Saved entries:
(* If two bounding triples in $BT_n$ are conjugate under the action of $GL_\infty(\mathbb{F}_q)$, then they are conjugate under the action of the subgroup $GL_n(\mathbb{F}_q)$.
   Context: $\mathbb{F}_q^\infty$ has basis $e_1,e_2,\dots$; $\mathbb{F}_q^n=\mathrm{span}\{e_1,\dots,e_n\}$. $GL_\infty(\mathbb{F}_q)=\varinjlim GL_n(\mathbb{F}_q)$ under $g\mapsto\operatorname{diag}(g,\mathrm{Id})$, i.e. invertible $\mathbb{Z}_{>0}\times\mathbb{Z}_{>0}$ matrices differing from the identity in finitely many entries; $g^T$ is the transpose. A subspace is smooth if it contains $e_i$ for all sufficiently large $i$. A bounding triple is $(W,g,V)$ with $W,V$ smooth, $g\in GL_\infty(\mathbb{F}_q)$, $g$ acting as identity on $V$ and $g^T$ acting as identity on $W$. $BT_n$ is the set of bounding triples with $e_{n+1},e_{n+2},\dots\in V\cap W$. $GL_\infty(\mathbb{F}_q)$ acts by $x\cdot(W,g,V)=(x^{-T}W,xgx^{-1},xV)$, $x^{-T}=(x^{-1})^T$. *)

theory Defs
  imports Main
begin

text \<open>Basis vectors are indexed from 0 (e_0, e_1, ...), i.e. the paper's e_i is
  our unit_vec (i - 1).\<close>

definition Finf :: "(nat \<Rightarrow> 'a::field) set" where
  "Finf = {v. finite {i. v i \<noteq> 0}}"

definition unit_vec :: "nat \<Rightarrow> nat \<Rightarrow> 'a::field" where
  "unit_vec i = (\<lambda>j. if j = i then 1 else 0)"
(* Assume $\kappa>0$, $\phi_*:=\inf_{r\ge0}\phi(r)>0$ and $\phi_*M>\sigma\bar\theta$. Then every solution of system (CSF) aligns exponentially fast: there exist $C_0,\delta>0$, depending on the initial data and the parameters, such that $$\mathcal A(t):=\max_{i,j}|\mathbf v_i(t)-\mathbf v_j(t)|\le C_0e^{-\delta t}\quad\text{for all } t\ge0.$$
   Context: Fix integers $N\ge1$, $n\ge1$, masses $m_1,\dots,m_N>0$ with $M=\sum_i m_i$, parameters $\sigma>0$, $p>0$, $\kappa\ge0$, and a communication kernel $\phi:[0,\infty)\to(0,\infty)$ that is smooth, positive and non-increasing. Write $\phi_{ij}=\phi(|\mathbf x_i-\mathbf x_j|)$, with $|\cdot|$ the Euclidean norm on $\mathbb R^n$. System (CSF) is, for $i=1,\dots,N$, $$\dot{\mathbf x}_i=\mathbf v_i,\qquad \dot{\mathbf v}_i=\sum_{j=1}^N m_j\phi_{ij}(\mathbf v_j-\mathbf v_i)+\sigma(\theta_i-|\mathbf v_i|^p)\mathbf v_i,\qquad \dot\theta_i=\kappa\sum_{j=1}^N m_j\phi_{ij}(\theta_j-\theta_i),$$ with $\mathbf x_i,\mathbf v_i\in\mathbb R^n$ and initial values $\theta_i(0)>0$; solutions are considered for $t\ge0$. Set $\bar\theta=\frac1M\sum_i m_i\theta_i(0)$; this weighted average is conserved in time. *)

theory Defs
  imports "HOL-Analysis.Analysis"
begin

definition smooth_on_nonneg :: "(real \<Rightarrow> real) \<Rightarrow> bool" where
  "smooth_on_nonneg f \<longleftrightarrow>
     (\<exists>D :: nat \<Rightarrow> real \<Rightarrow> real. D 0 = f \<and>
        (\<forall>k. \<forall>r\<ge>0. (D k has_real_derivative D (Suc k) r) (at r within {0..})))"

definition comm_kernel :: "(real \<Rightarrow> real) \<Rightarrow> bool" where
  "comm_kernel \<phi> \<longleftrightarrow> smooth_on_nonneg \<phi> \<and> (\<forall>r\<ge>0. \<phi> r > 0) \<and>
     (\<forall>r s. 0 \<le> r \<longrightarrow> r \<le> s \<longrightarrow> \<phi> s \<le> \<phi> r)"

definition CSF_solution ::
  "nat \<Rightarrow> (nat \<Rightarrow> real) \<Rightarrow> real \<Rightarrow> real \<Rightarrow> real \<Rightarrow> (real \<Rightarrow> real) \<Rightarrow>
   (nat \<Rightarrow> real \<Rightarrow> 'a::euclidean_space) \<Rightarrow> (nat \<Rightarrow> real \<Rightarrow> 'a) \<Rightarrow> (nat \<Rightarrow> real \<Rightarrow> real) \<Rightarrow> bool"
  where
  "CSF_solution N m \<sigma> p \<kappa> \<phi> x v \<theta> \<longleftrightarrow>
     (\<forall>i<N. \<forall>t\<ge>0.
        (x i has_vector_derivative v i t) (at t within {0..}) \<and>
        (v i has_vector_derivative
           ((\<Sum>j<N. (m j * \<phi> (norm (x i t - x j t))) *\<^sub>R (v j t - v i t))
            + (\<sigma> * (\<theta> i t - norm (v i t) powr p)) *\<^sub>R v i t)) (at t within {0..}) \<and>
        (\<theta> i has_real_derivative
           (\<kappa> * (\<Sum>j<N. m j * \<phi> (norm (x i t - x j t)) * (\<theta> j t - \<theta> i t))))
           (at t within {0..}))"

(Assignment):
Line by line, retype all the entries exactly as they are shown.

(Response to this exercise):
(* If two bounding triples in $BT_n$ are conjugate under the action of $GL_\infty(\mathbb{F}_q)$, then they are conjugate under the action of the subgroup $GL_n(\mathbb{F}_q)$.
   Context: $\mathbb{F}_q^\infty$ has basis $e_1,e_2,\dots$; $\mathbb{F}_q^n=\mathrm{span}\{e_1,\dots,e_n\}$. $GL_\infty(\mathbb{F}_q)=\varinjlim GL_n(\mathbb{F}_q)$ under $g\mapsto\operatorname{diag}(g,\mathrm{Id})$, i.e. invertible $\mathbb{Z}_{>0}\times\mathbb{Z}_{>0}$ matrices differing from the identity in finitely many entries; $g^T$ is the transpose. A subspace is smooth if it contains $e_i$ for all sufficiently large $i$. A bounding triple is $(W,g,V)$ with $W,V$ smooth, $g\in GL_\infty(\mathbb{F}_q)$, $g$ acting as identity on $V$ and $g^T$ acting as identity on $W$. $BT_n$ is the set of bounding triples with $e_{n+1},e_{n+2},\dots\in V\cap W$. $GL_\infty(\mathbb{F}_q)$ acts by $x\cdot(W,g,V)=(x^{-T}W,xgx^{-1},xV)$, $x^{-T}=(x^{-1})^T$. *)

theory Defs
  imports Main
begin

text \<open>Basis vectors are indexed from 0 (e_0, e_1, ...), i.e. the paper's e_i is
  our unit_vec (i - 1).\<close>

definition Finf :: "(nat \<Rightarrow> 'a::field) set" where
  "Finf = {v. finite {i. v i \<noteq> 0}}"

definition unit_vec :: "nat \<Rightarrow> nat \<Rightarrow> 'a::field" where
  "unit_vec i = (\<lambda>j. if j = i then 1 else 0)"
(* Assume $\kappa>0$, $\phi_*:=\inf_{r\ge0}\phi(r)>0$ and $\phi_*M>\sigma\bar\theta$. Then every solution of system (CSF) aligns exponentially fast: there exist $C_0,\delta>0$, depending on the initial data and the parameters, such that $$\mathcal A(t):=\max_{i,j}|\mathbf v_i(t)-\mathbf v_j(t)|\le C_0e^{-\delta t}\quad\text{for all } t\ge0.$$
   Context: Fix integers $N\ge1$, $n\ge1$, masses $m_1,\dots,m_N>0$ with $M=\sum_i m_i$, parameters $\sigma>0$, $p>0$, $\kappa\ge0$, and a communication kernel $\phi:[0,\infty)\to(0,\infty)$ that is smooth, positive and non-increasing. Write $\phi_{ij}=\phi(|\mathbf x_i-\mathbf x_j|)$, with $|\cdot|$ the Euclidean norm on $\mathbb R^n$. System (CSF) is, for $i=1,\dots,N$, $$\dot{\mathbf x}_i=\mathbf v_i,\qquad \dot{\mathbf v}_i=\sum_{j=1}^N m_j\phi_{ij}(\mathbf v_j-\mathbf v_i)+\sigma(\theta_i-|\mathbf v_i|^p)\mathbf v_i,\qquad \dot\theta_i=\kappa\sum_{j=1}^N m_j\phi_{ij}(\theta_j-\theta_i),$$ with $\mathbf x_i,\mathbf v_i\in\mathbb R^n$ and initial values $\theta_i(0)>0$; solutions are considered for $t\ge0$. Set $\bar\theta=\frac1M\sum_i m_i\theta_i(0)$; this weighted average is conserved in time. *)

theory Defs
  imports "HOL-Analysis.Analysis"
begin

definition smooth_on_nonneg :: "(real \<Rightarrow> real) \<Rightarrow> bool" where
  "smooth_on_nonneg f \<longleftrightarrow>
     (\<exists>D :: nat \<Rightarrow> real \<Rightarrow> real. D 0 = f \<and>
        (\<forall>k. \<forall>r\<ge>0. (D k has_real_derivative D (Suc k) r) (at r within {0..})))"

definition comm_kernel :: "(real \<Rightarrow> real) \<Rightarrow> bool" where
  "comm_kernel \<phi> \<longleftrightarrow> smooth_on_nonneg \<phi> \<and> (\<forall>r\<ge>0. \<phi> r > 0) \<and>
     (\<forall>r s. 0 \<le> r \<longrightarrow> r \<le> s \<longrightarrow> \<phi> s \<le> \<phi> r)"

definition CSF_solution ::
  "nat \<Rightarrow> (nat \<Rightarrow> real) \<Rightarrow> real \<Rightarrow> real \<Rightarrow> real \<Rightarrow> (real \<Rightarrow> real) \<Rightarrow>
   (nat \<Rightarrow> real \<Rightarrow> 'a::euclidean_space) \<Rightarrow> (nat \<Rightarrow> real \<Rightarrow> 'a) \<Rightarrow> (nat \<Rightarrow> real \<Rightarrow> real) \<Rightarrow> bool"
  where
  "CSF_solution N m \<sigma> p \<kappa> \<phi> x v \<theta> \<longleftrightarrow>
     (\<forall>i<N. \<forall>t\<ge>0.
        (x i has_vector_derivative v i t) (at t within {0..}) \<and>
        (v i has_vector_derivative
           ((\<Sum>j<N. (m j * \<phi> (norm (x i t - x j t))) *\<^sub>R (v j t - v i t))
            + (\<sigma> * (\<theta> i t - norm (v i t) powr p)) *\<^sub>R v i t)) (at t within {0..}) \<and>
        (\<theta> i has_real_derivative
           (\<kappa> * (\<Sum>j<N. m j * \<phi> (norm (x i t - x j t)) * (\<theta> j t - \<theta> i t))))
           (at t within {0..}))"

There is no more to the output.